lemma wgs_trans_pos:
  assumes sel: "0 < sel_prob d F c w" and \<Delta>: "\<Delta> \<in> Dset d F G0 c w"
    and V: "0 < Vprob d F (shift d w c \<Delta>) w" and fin: "finite (Dset d F G0 c w)"
  shows "0 < wgs_trans d F G0 c (shift d w c \<Delta>)"
proof -
  let ?V = "\<lambda>\<Delta>'. ennreal (Vprob d F (shift d w c \<Delta>') w)"
  have "0 < ?V \<Delta>" using V by simp
  also have "?V \<Delta> \<le> (\<Sum>\<^sub>\<infinity>\<Delta>'\<in>{\<Delta>' \<in> Dset d F G0 c w. shift d w c \<Delta>' = shift d w c \<Delta>}. ?V \<Delta>')"
    by (rule ennreal_le_infsum) (use \<Delta> in simp)
  finally have "0 < (\<Sum>\<^sub>\<infinity>\<Delta>'\<in>{\<Delta>' \<in> Dset d F G0 c w. shift d w c \<Delta>' = shift d w c \<Delta>}. ?V \<Delta>')" .
  moreover have "(\<Sum>\<^sub>\<infinity>\<Delta>'\<in>Dset d F G0 c w. ?V \<Delta>') < top" using fin by simp
  ultimately have "0 < ennreal (sel_prob d F c w) *
      (\<Sum>\<^sub>\<infinity>\<Delta>'\<in>{\<Delta>' \<in> Dset d F G0 c w. shift d w c \<Delta>' = shift d w c \<Delta>}. ?V \<Delta>') /
      (\<Sum>\<^sub>\<infinity>\<Delta>'\<in>Dset d F G0 c w. ?V \<Delta>')"
    using sel by (simp add: ennreal_zero_less_divide ennreal_zero_less_mult_iff)
  then have "0 < move_prob d F G0 c (shift d w c \<Delta>)"
    unfolding move_prob_def using ennreal_le_infsum[of w UNIV] by (meson UNIV_I order_less_le_trans)
  then show ?thesis by (simp add: wgs_trans_def add_pos_nonneg)
qed

context graph_pair
begin

context
  fixes w :: "'v list"
  assumes walk: "alt_walk w" and even_length: "even (length w)" and closable: "closable d F w"
begin

lemma closed_walk_length: "2 \<le> length w" "4 \<le> length w"
  using walk closable_length[OF closable] even_length by (auto simp: alt_walk_def)

lemma n_w_closed_walk:
  "n_w d w u v = int (edge_count d (plus_pairs w) u v) - int (edge_count d (open_minus_pairs w) u v)
                 - (if is_edge d u v (last w, w ! 0) then 1 else 0)"
  by (simp add: n_w_edge_count minus_pairs_eq_open_minus_pairs[OF even_length closed_walk_length(1)]
      edge_count_append edge_count_def)

lemma plus_edge_count_le_G: "int (edge_count d (plus_pairs w) u v) \<le> int (G u v)"
proof -
  have "int (edge_count d (plus_pairs w) u v) \<le> max 0 (- D u v)"
    using walk by (simp add: alt_walk_def)
  then show ?thesis by (simp add: D_def)
qed

lemma shift_closed_walk_nonneg: "\<forall>u v. 0 \<le> int (G u v) + n_w d w u v * - 1"
proof (intro allI)
  fix u v
  show "0 \<le> int (G u v) + n_w d w u v * - 1"
    using plus_edge_count_le_G[of u v] by (simp add: n_w_edge_count)
qed

lemma int_shift_closed_walk: "int (shift d w G (- 1) u v) = int (G u v) - n_w d w u v"
  using int_shift[of G u v d w "- 1"] shift_closed_walk_nonneg by simp

lemma shift_closed_walk_in_graph_space: "shift d w G (- 1) \<in> graph_space d F G0"
proof (rule shift_in_graph_space[OF G_space even_length closed_walk_length(1) shift_closed_walk_nonneg])
  fix u v assume F: "in_F d F u v"
  have "int (edge_count d (plus_pairs w) u v) \<le> max 0 (- D u v)"
    "int (edge_count d (open_minus_pairs w) u v) \<le> max 0 (D u v)"
    using walk by (simp_all add: alt_walk_def)
  then have "edge_count d (plus_pairs w) u v = 0" "edge_count d (open_minus_pairs w) u v = 0"
    using D_in_F[OF F] by simp_all
  moreover have "\<not> in_F d F (last w) (w ! 0)" using closable by (simp add: closable_def Mset_def)
  then have "\<not> is_edge d u v (last w, w ! 0)" using F by (auto simp: is_edge_def in_F_def)
  ultimately show "n_w d w u v = 0" by (simp add: n_w_closed_walk)
qed

lemma minus_pairs_shift_closed_walk_pos: "\<forall>q\<in>set (minus_pairs w). 0 < shift d w G (- 1) (fst q) (snd q)"
proof
  fix q assume "q \<in> set (minus_pairs w)"
  then have "0 < edge_count d (minus_pairs w) (fst q) (snd q)" by (rule edge_count_pos)
  then have "0 < int (shift d w G (- 1) (fst q) (snd q))"
    using plus_edge_count_le_G[of "fst q" "snd q"] by (simp add: int_shift_closed_walk n_w_edge_count)
  then show "0 < shift d w G (- 1) (fst q) (snd q)" by simp
qed

text \<open>Each of the \<open>length w - 1\<close> non-closing pairs moves one unit of weight towards \<open>G'\<close>; only
  the closing pair may move (at most two entries) away from it.\<close>

lemma weight_dist_shift_closed_walk_less: "weight_dist G' (shift d w G (- 1)) < weight_dist G' G"
proof -
  define N where "N u v = int (edge_count d (plus_pairs w) u v)" for u v
  define P where "P u v = int (edge_count d (open_minus_pairs w) u v)" for u v
  define C where "C u v = (if is_edge d u v (last w, w ! 0) then 1 else 0 :: int)" for u v
  have bounds: "N u v \<le> max 0 (- D u v)" "P u v \<le> max 0 (D u v)" "0 \<le> N u v" "0 \<le> P u v" for u v
    using walk by (auto simp: alt_walk_def N_def P_def)
  have "\<bar>int (G' u v) - int (shift d w G (- 1) u v)\<bar> \<le> \<bar>D u v\<bar> - N u v - P u v + C u v" for u v
    using bounds[of u v] by (simp add: int_shift_closed_walk n_w_closed_walk D_def N_def P_def C_def
        max_def split: if_splits abs_split)
  then have "weight_dist G' (shift d w G (- 1)) \<le>
      (\<Sum>u\<in>UNIV. \<Sum>v\<in>UNIV. \<bar>D u v\<bar> - N u v - P u v + C u v)"
    unfolding weight_dist_def by (intro sum_mono)
  also have "\<dots> = weight_dist G' G - (\<Sum>u\<in>UNIV. \<Sum>v\<in>UNIV. N u v) - (\<Sum>u\<in>UNIV. \<Sum>v\<in>UNIV. P u v)
      + (\<Sum>u\<in>UNIV. \<Sum>v\<in>UNIV. C u v)"
    by (simp add: weight_dist_def D_def sum.distrib sum_subtractf)
  also have "\<dots> < weight_dist G' G"
  proof -
    have "int (length (plus_pairs w)) \<le> (\<Sum>u\<in>UNIV. \<Sum>v\<in>UNIV. N u v)"
      "int (length (open_minus_pairs w)) \<le> (\<Sum>u\<in>UNIV. \<Sum>v\<in>UNIV. P u v)"
      using length_le_sum_edge_count[of "plus_pairs w" d] length_le_sum_edge_count[of "open_minus_pairs w" d]
      by (simp_all add: N_def P_def flip: of_nat_sum)
    moreover have "length (plus_pairs w) + length (open_minus_pairs w) = length w - 1"
      using even_length closed_walk_length by (simp add: plus_pairs_def open_minus_pairs_def)
    moreover have "(\<Sum>u\<in>UNIV. \<Sum>v\<in>UNIV. C u v) \<le> 2"
      unfolding C_def by (rule sum_is_edge_le_2)
    ultimately show ?thesis using closed_walk_length(2) by linarith
  qed
  finally show ?thesis .
qed

lemma wgs_trans_shift_closed_walk_pos: "0 < wgs_trans d F G0 G (shift d w G (- 1))"
proof (rule wgs_trans_pos)
  show "0 < sel_prob d F G w"
    using walk even_length closable by (intro sel_prob_pos) (auto simp: alt_walk_def)
  show "- 1 \<in> Dset d F G0 G w"
    using shift_closed_walk_nonneg shift_closed_walk_in_graph_space by (simp add: Dset_def)
  have "0 < sel_prob d F (shift d w G (- 1)) (wrev w)"
    using walk even_length closable minus_pairs_shift_closed_walk_pos
    by (intro sel_prob_wrev_pos) (auto simp: alt_walk_def)
  then show "0 < Vprob d F (shift d w G (- 1)) w"
    using sel_prob_wrev_le_Vprob by (rule order_less_le_trans)
  have "\<exists>u v. n_w d w u v \<noteq> 0"
  proof (rule ccontr)
    assume "\<not> ?thesis"
    then have "shift d w G (- 1) = G" by (simp add: shift_def)
    then show False using weight_dist_shift_closed_walk_less by simp
  qed
  then obtain u v where "n_w d w u v \<noteq> 0" by blast
  then show "finite (Dset d F G0 G w)"
    using finite_Dset even_length closed_walk_length(1) by blast
qed

end

lemma step_towards:
  assumes "G \<noteq> G'"
  shows "\<exists>H\<in>graph_space d F G0. 0 < wgs_trans d F G0 G H \<and> weight_dist G' H < weight_dist G' G"
  using closable_alt_walk_exists[OF assms] shift_closed_walk_in_graph_space
    wgs_trans_shift_closed_walk_pos weight_dist_shift_closed_walk_less by blast

end

lemma rtranclp_by_descent:
  fixes \<mu> :: "'a \<Rightarrow> nat"
  assumes "x \<in> S"
    and descent: "\<And>y. y \<in> S \<Longrightarrow> y \<noteq> z \<Longrightarrow> \<exists>y'\<in>S. R y y' \<and> \<mu> y' < \<mu> y"
  shows "R\<^sup>*\<^sup>* x z"
  using assms(1)
proof (induction "\<mu> x" arbitrary: x rule: less_induct)
  case less
  show ?case
  proof (cases "x = z")
    case False
    then obtain y where "y \<in> S" "R x y" "\<mu> y < \<mu> x" using descent less.prems by blast
    then show ?thesis using less.hyps by (meson converse_rtranclp_into_rtranclp)
  qed simp
qed

theorem proposition4:
  fixes d :: bool and F :: "('v::finite \<times> 'v) set" and G0 :: "'v wgraph"
  assumes "is_graph d G0"
  shows "(\<forall>G\<in>graph_space d F G0. \<forall>G'\<in>graph_space d F G0.
            wgs_trans d F G0 G G' = wgs_trans d F G0 G' G)
       \<and> (\<forall>G\<in>graph_space d F G0. \<forall>G'\<in>graph_space d F G0.
            (\<lambda>H H'. H \<in> graph_space d F G0 \<and> 0 < wgs_trans d F G0 H H')\<^sup>*\<^sup>* G G')"
proof -
  have "(\<lambda>H H'. H \<in> graph_space d F G0 \<and> 0 < wgs_trans d F G0 H H')\<^sup>*\<^sup>* G G'"
    if "G \<in> graph_space d F G0" "G' \<in> graph_space d F G0" for G G'
  proof (rule rtranclp_by_descent[where \<mu> = "\<lambda>H. nat (weight_dist G' H)", OF that(1)])
    fix H assume "H \<in> graph_space d F G0" "H \<noteq> G'"
    then interpret graph_pair d F G0 H G' using that(2) by unfold_locales
    show "\<exists>H'\<in>graph_space d F G0. (H \<in> graph_space d F G0 \<and> 0 < wgs_trans d F G0 H H') \<and>
        nat (weight_dist G' H') < nat (weight_dist G' H)"
      using step_towards[OF \<open>H \<noteq> G'\<close>] \<open>H \<in> graph_space d F G0\<close> weight_dist_nonneg
      by (smt (verit) nat_less_eq_zless)
  qed
  then show ?thesis using wgs_trans_commute by blast
qed

end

*-*-*

Count each line of the listing above in which "fixes" appears, and give that count with nothing added.

3